JPS5915843A - Radiation analysis of structure - Google Patents

Abstract

PURPOSE:To detect a diffraction image in high sensitivity and a high resolving degree, by detecting the radiation diffracting rays of a specimen to be detected through light stimulation fluorescent sheet. CONSTITUTION:Laser beam 11 emitted from a laser beam source 10 linearly scans light stimulation fluorescent sheet 5 in a direction shown by an arrow X through a light deflector 12 while the fluorescent sheet 5 is transferred to a direction shown by an arrow Y to carry out auxiliary manipulation and the entire surface of the fluorescent sheet 5 is irradiated with laser beam. Because the fluorescent sheet 5 is preliminarily irradiated with radiation diffracting rays and brought to a light accumulated state, stimulation fluorescent light proportional to the accumulated and recorded energy of radiation is emitted by the irradiation of laser beam 11 and injected into a light detector 15 through a light pervious sheet 14. The output thereof is inputted to a light modulator through an amplifier 16 and laser beam 21 is modulated to be scanned to the direction X through a scanning mirror 23 and a diffraction image is recorded by a photosensitive material moving to the direction Y. By this method, the diffraction image is measured in high sensitivity and a high resolving degree.

Description

DETAILED DESCRIPTION OF THE INVENTION The present invention relates to a radiation structure analysis method, and more particularly to a radiation structure analysis method using a stimulable phosphor sheet.

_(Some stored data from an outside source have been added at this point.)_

(* Let $\lambda>0$, $\xi>0$, $v_2<v_1$ with either $v_2<0<v_1$ or $0<v_2<v_1$, and let $\tilde p(x,t|v_j)$ be the (generalized) density of the position $\tilde X(t)$ of the extended telegraph process driven by GCPs with parameter $\lambda$ with Poissonian resets to the origin at rate $\xi$, conditional on $\tilde X(0)=0$, $V(0)=v_j$. Then for $x\in\mathbb R$ and $j=1,2$, $\tilde p(x|v_j):=\lim_{t\to+\infty}\tilde p(x,t|v_j)$ is given by $$ \tilde p(x|v_j)=\mathrm{sgn}(v_j)\mathbb 1_{\{x/v_j>0\}}\frac{\xi e^{-\xi x/v_j}}{v_j+\lambda x}+\frac{\xi e^{\xi/\lambda}}{v_1-v_2}\Gamma\Big[0,\Big(M_x+\frac1\lambda\Big)\xi\Big]\quad\text{if } v_2<0<v_1, $$ $$ \tilde p(x|v_j)=\mathbb 1_{\{x>0\}}\Big\{\frac{\xi e^{-\xi x/v_j}}{v_j+\lambda x}+\frac{\xi e^{\xi/\lambda}}{v_1-v_2}\Gamma\Big[0,\Big(\frac x{v_1}+\frac1\lambda\Big)\xi,\Big(\frac x{v_2}+\frac1\lambda\Big)\xi\Big]\Big\}\quad\text{if } 0<v_2<v_1. $$
   Context: GCP with intensity $\lambda>0$: a Poisson process whose rate is random, exponentially distributed with mean $\lambda$; increments satisfy $P\{\tilde N_\lambda(t+s)-\tilde N_\lambda(t)=k\}=\frac{1}{1+\lambda s}(\frac{\lambda s}{1+\lambda s})^k$. The process: a particle starts at the origin with velocity $V(0)=v_j$ ($v_1,v_2\ne0$, $v_2<v_1$), moves with velocity alternating between $v_1$ and $v_2$, the periods at velocity $v_1$ and at $v_2$ being governed by two independent GCPs of intensity $\lambda$; additionally it is instantaneously reset to the origin at the epochs of an independent Poisson process of rate $\xi$, restarting afresh with velocity $v_j$. Equivalently $\tilde p(x,t|v_j)=e^{-\xi t}p(x,t|v_j)+\xi\int_0^te^{-\xi s}p(x,s|v_j)ds$, where $p(x,t|v_j)=\frac{\delta(x-v_jt)}{1+\lambda t}+\mathbb 1_{\{v_2t<x<v_1t\}}\frac{\lambda}{(v_1-v_2)(1+\lambda t)}$ is the generalized density without resets ($\delta$ the Dirac delta). Notation: $M_x=\max\{x/v_1,x/v_2\}$; $\Gamma(a,z)=\int_z^\infty s^{a-1}e^{-s}ds$ (upper incomplete gamma function); $\Gamma(a,z_0,z_1)=\int_{z_0}^{z_1}s^{a-1}e^{-s}ds$. *)

theory Defs
  imports "HOL-Analysis.Analysis"
begin

text \<open>Probability, under the generalized density
  p(x,s|v_j) = delta(x - v_j s)/(1+lambda s) + 1_{v_2 s < x < v_1 s} lambda/((v_1-v_2)(1+lambda s)),
  of a Borel set A, i.e. the integral of p(.,s|v_j) over A (the Dirac part contributes
  1_A(v_j s)/(1+lambda s)).\<close>
definition p_prob :: "real \<Rightarrow> real \<Rightarrow> real \<Rightarrow> real \<Rightarrow> real \<Rightarrow> real set \<Rightarrow> real" where
  "p_prob lam v1 v2 vj s A =
     indicator A (vj * s) / (1 + lam * s)
     + (\<integral>x\<in>A. indicator {v2 * s <..< v1 * s} x * (lam / ((v1 - v2) * (1 + lam * s))) \<partial>lborel)"

definition ptilde_prob :: "real \<Rightarrow> real \<Rightarrow> real \<Rightarrow> real \<Rightarrow> real \<Rightarrow> real \<Rightarrow> real set \<Rightarrow> real" where
  "ptilde_prob lam xi v1 v2 vj t A =
     exp (- xi * t) * p_prob lam v1 v2 vj t A
     + xi * (\<integral>s\<in>{0..t}. exp (- xi * s) * p_prob lam v1 v2 vj s A \<partial>lborel)"

definition upper_Gamma0 :: "real \<Rightarrow> real" where
  "upper_Gamma0 z = (\<integral>s\<in>{z..}. exp (- s) / s \<partial>lborel)"

definition Gamma0_between :: "real \<Rightarrow> real \<Rightarrow> real" where
  "Gamma0_between z0 z1 = (\<integral>s\<in>{z0..z1}. exp (- s) / s \<partial>lborel)"

definition Mx :: "real \<Rightarrow> real \<Rightarrow> real \<Rightarrow> real" where
  "Mx v1 v2 x = max (x / v1) (x / v2)"

end

(* Averaging over the last reset before time t gives
     p~(., t|v_j) = e^(-xi t) p(., t|v_j) + int_0^t xi e^(-xi s) p(., s|v_j) ds.
   Each p(., s|v_j) is a probability measure, so dropping the first term and extending the
   integral to [0, oo) changes the mass of any set by at most e^(-xi t): the law converges
   uniformly over Borel sets to the mixture int_0^oo xi e^(-xi s) p(., s|v_j) ds.
   By Tonelli this mixture has a density. The Dirac part delta(x - v_j s)/(1 + lam s)
   contributes xi e^(-xi x/v_j)/(v_j + lam x) after substituting x = v_j s. The uniform part
   contributes the integral of xi e^(-xi s) lam/((v1 - v2)(1 + lam s)) over the times s >= 0
   with v2 s < x < v1 s, and u = xi (1/lam + s) turns it into
   xi e^(xi/lam)/(v1 - v2) int e^(-u)/u du over [(M_x + 1/lam) xi, oo) when v2 < 0 < v1,
   and over [(x/v1 + 1/lam) xi, (x/v2 + 1/lam) xi] when 0 < v2 and x > 0. *)

theory Submission
  imports Defs "HOL-Real_Asymp.Real_Asymp"
begin

lemma set_integral_eq_enn2real_set_nn_integral:
  fixes f :: "'a \<Rightarrow> real"
  assumes [measurable]: "f \<in> borel_measurable M" "A \<in> sets M"
    and nonneg: "\<And>x. x \<in> A \<Longrightarrow> 0 \<le> f x"
  shows "(\<integral>x\<in>A. f x \<partial>M) = enn2real (\<integral>\<^sup>+x\<in>A. ennreal (f x) \<partial>M)"
proof -
  have "(\<integral>x\<in>A. f x \<partial>M) = enn2real (\<integral>\<^sup>+x. ennreal (indicator A x * f x) \<partial>M)"
    unfolding set_lebesgue_integral_def using nonneg
    by (subst integral_eq_nn_integral) (auto simp: indicator_def)
  also have "(\<integral>\<^sup>+x. ennreal (indicator A x * f x) \<partial>M) = (\<integral>\<^sup>+x\<in>A. ennreal (f x) \<partial>M)"
    by (intro nn_integral_cong) (simp split: split_indicator)
  finally show ?thesis .
qed

lemma nn_integral_exp_minus_Ici:
  fixes xi c :: real
  assumes "0 < xi"
  shows "(\<integral>\<^sup>+s\<in>{c..}. ennreal (exp (- xi * s)) \<partial>lborel) = ennreal (exp (- xi * c) / xi)"
  using nn_integral_has_integral_lebesgue'[OF _ has_integral_exp_minus_to_infinity[OF assms]]
  by simp

lemma set_nn_integral_le_exp_tail:
  fixes g :: "real \<Rightarrow> real"
  assumes "0 < xi" "S \<subseteq> {a..}" "\<And>s. s \<in> S \<Longrightarrow> g s \<le> exp (- xi * s)"
  shows "(\<integral>\<^sup>+s\<in>S. ennreal (g s) \<partial>lborel) \<le> ennreal (exp (- xi * a) / xi)"
proof -
  have "(\<integral>\<^sup>+s\<in>S. ennreal (g s) \<partial>lborel) \<le> (\<integral>\<^sup>+s\<in>{a..}. ennreal (exp (- xi * s)) \<partial>lborel)"
    using assms by (intro nn_integral_mono) (auto split: split_indicator intro: ennreal_leI)
  then show ?thesis
    using nn_integral_exp_minus_Ici[OF \<open>0 < xi\<close>] by simp
qed

lemma exponential_mixture_truncation_error:
  fixes q :: "real \<Rightarrow> real"
  assumes xi: "0 < xi" and [measurable]: "q \<in> borel_measurable borel"
    and q01: "\<And>s. 0 \<le> s \<Longrightarrow> 0 \<le> q s \<and> q s \<le> 1" and t: "0 \<le> t"
  shows "\<bar>exp (- xi * t) * q t + xi * (\<integral>s\<in>{0..t}. exp (- xi * s) * q s \<partial>lborel)
           - xi * (\<integral>s\<in>{0..}. exp (- xi * s) * q s \<partial>lborel)\<bar> \<le> exp (- xi * t)"
proof -
  define g where "g s = exp (- xi * s) * q s" for s
  have [measurable]: "g \<in> borel_measurable borel"
    unfolding g_def by measurable
  have g_bounds: "0 \<le> g s" "g s \<le> exp (- xi * s)" if "0 \<le> s" for s
    using q01[OF that] by (auto simp: g_def mult_left_le)
  define N where "N S = (\<integral>\<^sup>+s\<in>S. ennreal (g s) \<partial>lborel)" for S
  have N_le: "N S \<le> ennreal (exp (- xi * a) / xi)" if "S \<subseteq> {a..}" "0 \<le> a" for S a
    unfolding N_def using that g_bounds by (intro set_nn_integral_le_exp_tail[OF xi]) auto
  have integral_N: "(\<integral>s\<in>S. g s \<partial>lborel) = enn2real (N S)"
    if [measurable]: "S \<in> sets borel" and "S \<subseteq> {0..}" for S
    unfolding N_def using that g_bounds
    by (intro set_integral_eq_enn2real_set_nn_integral) auto
  have split: "N {0..} = N {0..t} + N {t<..}"
    unfolding N_def using t
    by (subst nn_integral_add[symmetric])
      (auto intro!: nn_integral_cong split: split_indicator)
  have "N {0..} < \<infinity>"
    using N_le[of "{0..}" 0] by (simp add: order_le_less_trans)
  then have fin: "N {0..t} < \<infinity>" "N {t<..} < \<infinity>"
    unfolding split by auto
  have "N {t<..} \<le> ennreal (exp (- xi * t) / xi)"
    by (rule N_le) (use t in auto)
  then have "enn2real (N {t<..}) \<le> exp (- xi * t) / xi"
    using xi by (simp add: enn2real_leI)
  then have tail: "0 \<le> xi * enn2real (N {t<..})" "xi * enn2real (N {t<..}) \<le> exp (- xi * t)"
    using xi by (auto simp: field_simps)
  have "(\<integral>s\<in>{0..}. g s \<partial>lborel) = (\<integral>s\<in>{0..t}. g s \<partial>lborel) + enn2real (N {t<..})"
    using fin by (simp add: integral_N split enn2real_plus)
  moreover have "0 \<le> exp (- xi * t) * q t" "exp (- xi * t) * q t \<le> exp (- xi * t)"
    using q01[OF t] by (auto simp: mult_left_le)
  ultimately show ?thesis
    using tail unfolding g_def[symmetric] by (simp add: distrib_left abs_le_iff)
qed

The test sample is irradiated with radiation such as X-rays or electron beams, and the resulting diffraction image of the test sample is detected using an X-ray photographic film or diffractometer. A radiation structure analysis method is widely used in which the structure of a test sample is analyzed and the structure of the test sample, such as the crystal structure or molecular structure, is determined.

However, X-ray photographic film has economical problems as it requires expensive silver, and X-ray photographic film has low sensitivity, for example when examining microcrystals or gases. In order to obtain a blackening density, long-term exposure for several days is required in some cases.

Such a long exposure not only increases the measurement time (but also changes the photographing conditions during that time, which may cause the problem that a desired diffraction image cannot be obtained).

On the other hand, when a diffractometer is used, the sensitivity is high, but there are problems in that the device is complicated and large, and it also requires a long time to obtain a high-resolution diffraction image.

Japanese Patent Application Laid-Open No. 101575/1986 was an attempt to eliminate the drawbacks of conventional radiation structure analysis methods.
In this issue, the diffraction images obtained by irradiating each sample with radiation are recorded on a thermal phosphor layer made of a thermal phosphor.
Thereafter, the thermal phosphor layer on which the diffraction image etc. has been recorded is heated by a method such as sweeping with infrared rays such as carbon dioxide laser light to emit the diffraction image as thermal fluorescence, and this thermal fluorescence is received by a photodetector. A method of detecting the diffraction image by doing this has been proposed. Since this radiation detection method utilizes a thermal phosphor, it is possible to detect diffraction images with high sensitivity without using silver.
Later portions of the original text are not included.